To achieve these outcomes, the programme focuses on the individual, organizational, programmatic and systems levels of the international system. Following a process of co-creation, co-development and partnering, programme activities take place at all four levels and are structured into the following interlinked components:
- Bilateral partnerships and accompaniment to support the operationalisation and institutionalisation of sustaining peace in UN agencies and other organizations.
- Designing joined-up programmatic approaches in selected country contexts (Interpeace programmes and partner UN agencies).
- Building the capacities of key individual change agents in the international system, e.g. through the Effective Advising in Complex Contexts course and the Peace Responsiveness Online Training.
- Facilitating cross-organizational exchange and learning among UN and other organizations on the operationalisation and institutionalisation of sustaining peace.
- Developing research, evidence and other knowledge products in support of Component 4, e.g. publications such as the Peace Responsiveness Framing paper, a Development in Practice (DiP) journal article, the ‘P in the HDP Nexus’ animated video, etc.
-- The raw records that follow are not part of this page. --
lemma ek_cone_eq_image:
  assumes "g \<in> monoms n" "mdeg n g \<le> t"
  shows "ek_cone n g t = (\<lambda>w i. g i + w i) ` monoms_from n (mmax n g) (t - mdeg n g)"
proof (intro equalityI subsetI)
  fix a assume a: "a \<in> ek_cone n g t"
  define w where "w = (\<lambda>i. a i - g i)"
  have ag: "a = (\<lambda>i. g i + w i)" using a by (auto simp: ek_cone_def w_def le_fun_def fun_eq_iff)
  then have "mdeg n a = mdeg n g + mdeg n w" using mdeg_add[of n g w] by simp
  then have "w \<in> monoms_from n (mmax n g) (t - mdeg n g)"
    using a by (auto simp: monoms_from_def ek_cone_def w_def monoms_def)
  then show "a \<in> (\<lambda>w i. g i + w i) ` monoms_from n (mmax n g) (t - mdeg n g)" using ag by blast
next
  fix a assume "a \<in> (\<lambda>w i. g i + w i) ` monoms_from n (mmax n g) (t - mdeg n g)"
  then obtain w where w: "w \<in> monoms_from n (mmax n g) (t - mdeg n g)" and aw: "a = (\<lambda>i. g i + w i)"
    by blast
  then show "a \<in> ek_cone n g t"
    using assms mdeg_add[of n g w] by (auto simp: ek_cone_def monoms_from_def monoms_def le_fun_def)
qed

lemma card_ek_cone:
  assumes "g \<in> monoms n"
  shows "card (ek_cone n g t)
    = (if t < mdeg n g then 0 else card (monoms_from n (mmax n g) (t - mdeg n g)))"
proof (cases "t < mdeg n g")
  case True
  then have "ek_cone n g t = {}" by (auto simp: ek_cone_def dest: mdeg_mono[of _ _ n])
  then show ?thesis using True by simp
next
  case False
  have "inj_on (\<lambda>w i. g i + w i) (monoms_from n (mmax n g) (t - mdeg n g))"
    by (rule inj_onI) (simp add: fun_eq_iff)
  then show ?thesis using False card_image ek_cone_eq_image[OF assms] by simp
qed

lemma le_or_ge_if_agree_below_mmax:
  assumes g: "g \<in> monoms n" "g \<noteq> (\<lambda>_. 0)" "g \<le> a" "\<forall>p<mmax n g. a p = g p"
    and h: "h \<in> monoms n" "h \<noteq> (\<lambda>_. 0)" "h \<le> a" "\<forall>p<mmax n h. a p = h p"
    and le: "mmax n g \<le> mmax n h"
  shows "g \<le> h \<or> h \<le> g"
proof (cases "g (mmax n g) \<le> h (mmax n g)")
  case True
  have "g p \<le> h p" for p
    using mmax_props(4)[OF g(1,2), of p] g(4) h(4) le True
    by (cases p "mmax n g" rule: linorder_cases) auto
  then show ?thesis by (simp add: le_fun_def)
next
  case False
  have "g (mmax n g) \<le> a (mmax n g)" using g(3) by (simp add: le_fun_def)
  then have "\<not> mmax n g < mmax n h"
    using False h(4) by auto
  then have "mmax n h = mmax n g" using le by simp
  then have "h p \<le> g p" for p
    using mmax_props(4)[OF h(1,2), of p] g(4) h(4) False
    by (cases p "mmax n g" rule: linorder_cases) auto
  then show ?thesis by (simp add: le_fun_def)
qed

locale monomial_ideal =
  fixes n :: nat and J :: "(nat \<Rightarrow> nat) set"
  assumes subset_monoms: "J \<subseteq> monoms n"
    and upward_closed: "\<And>a b. a \<in> J \<Longrightarrow> b \<in> monoms n \<Longrightarrow> a \<le> b \<Longrightarrow> b \<in> J"
    and one_notin: "(\<lambda>_. 0) \<notin> J"
begin

lemma nonzero: "a \<in> J \<Longrightarrow> a \<noteq> (\<lambda>_. 0)"
  using one_notin by auto

lemma mingens_le_eq: "g \<in> mingens J \<Longrightarrow> h \<in> J \<Longrightarrow> h \<le> g \<Longrightarrow> h = g"
  by (auto simp: mingens_def)

lemma mingens_fun_upd_pred_notin:
  assumes "g \<in> mingens J" "0 < g k"
  shows "g(k := g k - 1) \<notin> J"
proof
  assume "g(k := g k - 1) \<in> J"
  then have "g(k := g k - 1) = g" using mingens_le_eq[OF assms(1)] by (auto simp: le_fun_def)
  then show False using assms(2) by (metis fun_upd_same diff_less less_irrefl zero_less_one)
qed
(* Let $\{(\Gamma_t,\theta_t)\}_{t\in[0,\underline t)}$ solve the framed curvature flow. Then $$\frac{d}{dt}L(\Gamma_t)=-\int_{\Gamma_t}\kappa\psi_1\,ds,\qquad \frac{d}{dt}A(\Sigma_t)=\int_{\Gamma_t}\kappa\,ds .$$
   Context: $S^1=\mathbb{R}/2\pi\mathbb{Z}$; closed curves $\Gamma_t$ parametrized by $\gamma(t,\cdot):S^1\to\mathbb{R}^3$, $g=\|\partial_u\gamma\|$, $ds=g\,du$, $\partial_s=g^{-1}\partial_u$, $L(\Gamma_t)$ length; Frenet frame $T,N,B$, curvature $\kappa$; angle function $\theta$, $\nu_\theta=\cos\theta N+\sin\theta B$, $\psi_1=\kappa\cos\theta$. Framed curvature flow: $\partial_t\gamma=\kappa\nu_\theta$, $\partial_t\theta=\upsilon_\theta$ with some $\upsilon_\theta\in\mathcal C^1$. The trajectory surface $\Sigma_t=\bigcup_{t'\in[0,t)}\Gamma_{t'}$ is parametrized by $(t',u)\mapsto\gamma(t',u)$, and $A(\Sigma_t)=\int_0^t\int_{S^1}g\,\kappa\,du\,dt'$ is its area. *)

theory Defs
  imports "HOL-Analysis.Analysis" "HOL-Analysis.Cross3"
begin

unbundle no cross3_syntax

text \<open>A time-dependent closed curve in R^3 is modelled as
  gam :: real \<Rightarrow> real \<Rightarrow> real^3, with gam t u the point with time t and
  parameter u; closedness = 2*pi periodicity in u (S^1 = R / 2 pi Z).
  Time ranges over an interval I (here I = {0..<tbar}); time derivatives
  are taken within I (one-sided at t = 0).\<close>

definition partial_u :: "(real \<Rightarrow> real \<Rightarrow> 'a::real_normed_vector) \<Rightarrow> real \<Rightarrow> real \<Rightarrow> 'a" where
  "partial_u f t u = vector_derivative (\<lambda>v. f t v) (at u)"

definition partial_t :: "real set \<Rightarrow> (real \<Rightarrow> real \<Rightarrow> 'a::real_normed_vector) \<Rightarrow> real \<Rightarrow> real \<Rightarrow> 'a" where
  "partial_t I f t u = vector_derivative (\<lambda>s. f s u) (at t within I)"

definition C1_flow :: "real set \<Rightarrow> (real \<Rightarrow> real \<Rightarrow> 'a::real_normed_vector) \<Rightarrow> bool" where
  "C1_flow I f \<longleftrightarrow>
     (\<forall>t\<in>I. \<forall>u. (\<lambda>s. f s u) differentiable (at t within I) \<and> (\<lambda>v. f t v) differentiable (at u)) \<and>
     continuous_on (I \<times> UNIV) (\<lambda>(t,u). f t u) \<and>
     continuous_on (I \<times> UNIV) (\<lambda>(t,u). partial_t I f t u) \<and>
     continuous_on (I \<times> UNIV) (\<lambda>(t,u). partial_u f t u)"

definition speed :: "(real \<Rightarrow> real \<Rightarrow> real^3) \<Rightarrow> real \<Rightarrow> real \<Rightarrow> real" where
  "speed gam t u = norm (partial_u gam t u)"

definition tangent :: "(real \<Rightarrow> real \<Rightarrow> real^3) \<Rightarrow> real \<Rightarrow> real \<Rightarrow> real^3" where
  "tangent gam t u = (1 / speed gam t u) *\<^sub>R partial_u gam t u"

definition curvature :: "(real \<Rightarrow> real \<Rightarrow> real^3) \<Rightarrow> real \<Rightarrow> real \<Rightarrow> real" where
  "curvature gam t u = norm ((1 / speed gam t u) *\<^sub>R partial_u (tangent gam) t u)"

definition normal :: "(real \<Rightarrow> real \<Rightarrow> real^3) \<Rightarrow> real \<Rightarrow> real \<Rightarrow> real^3" where
  "normal gam t u = (1 / (speed gam t u * curvature gam t u)) *\<^sub>R partial_u (tangent gam) t u"

definition binormal :: "(real \<Rightarrow> real \<Rightarrow> real^3) \<Rightarrow> real \<Rightarrow> real \<Rightarrow> real^3" where
  "binormal gam t u = cross3 (tangent gam t u) (normal gam t u)"
lemma connected_graph_num_components_le_1:
  assumes "connected_graph V E"
  shows "num_components V E \<le> 1"
proof (cases "V = {}")
  case True
  then show ?thesis
    by (simp add: num_components_def)
next
  case False
  then obtain x where "x \<in> V"
    by blast
  have "component E y = component E x" if "y \<in> V" for y
    using assms \<open>x \<in> V\<close> that unfolding connected_graph_def component_eq_iff reachable_def by blast
  then have "component E ` V \<subseteq> {component E x}"
    by blast
  then have "card (component E ` V) \<le> card {component E x}"
    by (rule card_mono[rotated]) simp
  then show ?thesis
    unfolding num_components_def by simp
qed

lemma num_components_pos:
  assumes "finite V" "V \<noteq> {}"
  shows "num_components V E \<ge> 1"
  using assms unfolding num_components_def by (simp add: Suc_le_eq card_gt_0_iff)

theorem lemma24:
  fixes V :: "'a set" and E :: "'a set set" and m :: nat and H :: "'a set \<times> 'a set set"
  assumes "simple_graph V E"
    and "connected_graph V E"
    and "m \<ge> 1"
    and "card E + 1 = card V + m"
    and "minor_3_core H (V, E)"
  shows "card (fst H) \<le> 2 * (m - 1)"
proof (cases "fst H = {}")
  case True
  then show ?thesis by simp
next
  case False
  have "is_minor H (V, E)" "min_degree_ge 3 (fst H) (snd H)"
    using assms(5) unfolding minor_3_core_def by auto
  then have "simple_graph (fst H) (snd H)" and rank: "circuit_rank (fst H) (snd H) \<le> circuit_rank V E"
    using is_minor_simple_graph_circuit_rank_le assms(1) by fastforce+
  have "3 * card (fst H) \<le> 2 * card (snd H)"
    using min_degree_ge_card_le \<open>simple_graph (fst H) (snd H)\<close> \<open>min_degree_ge 3 (fst H) (snd H)\<close> .
  moreover have "num_components (fst H) (snd H) \<ge> 1"
    using False \<open>simple_graph (fst H) (snd H)\<close> num_components_pos simple_graph_def by blast
  moreover have "num_components V E \<le> 1"
    using assms(2) by (rule connected_graph_num_components_le_1)
  ultimately show ?thesis
    using rank assms(3,4) unfolding circuit_rank_def by linarith
qed

end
- Engaging with donors and policy actors to inform how a better enabling environment can be created for sustaining peace and peace-responsive approaches, e.g. in policy fora such as Geneva Peace Week, Stockholm Forum, EU Humanitarian Forum.
C. Objectives
The evaluation will provide a final review of the first phase of the programme. It is intended to be a summative evaluation that:
- contributes to the final report of the 2020-23 programme cycle, by assessing the achievement of the targeted outcomes and outputs as per the Performance Measurement Framework of the Global Affairs Canada grant;
- considers cross-cutting evaluation questions; and,
- draws on and feeds into reflections on lessons learned, relevance of the theory of change, and subsequent recommendations for future phases of the programme.
For Timeframe, Methodology and Deliverables, Reporting and Feedback and Qualifications, please see attached ToRs.
How to Apply:
Please submit an expression of interest via email to: [email protected] by 12 February 2023, which includes:
- the proposed methodology for the evaluation,
- a financial proposal*,
- a CV for all consultants involved.
*The cost of preparing a bid and negotiating a contract, including any related travel, is not reimbursable nor can it be included as a direct cost of the assignment.
Please note that only shortlisted applicants will be contacted. Shortlisted applicants may be required to subsequently submit work samples in English and/or references.
Interpeace values diversity among its staff and aims to achieve gender equality both through gender parity at all levels of the organisation and the promotion of a gender dimension in all its work. We welcome applications from women and men, and those with disabilities.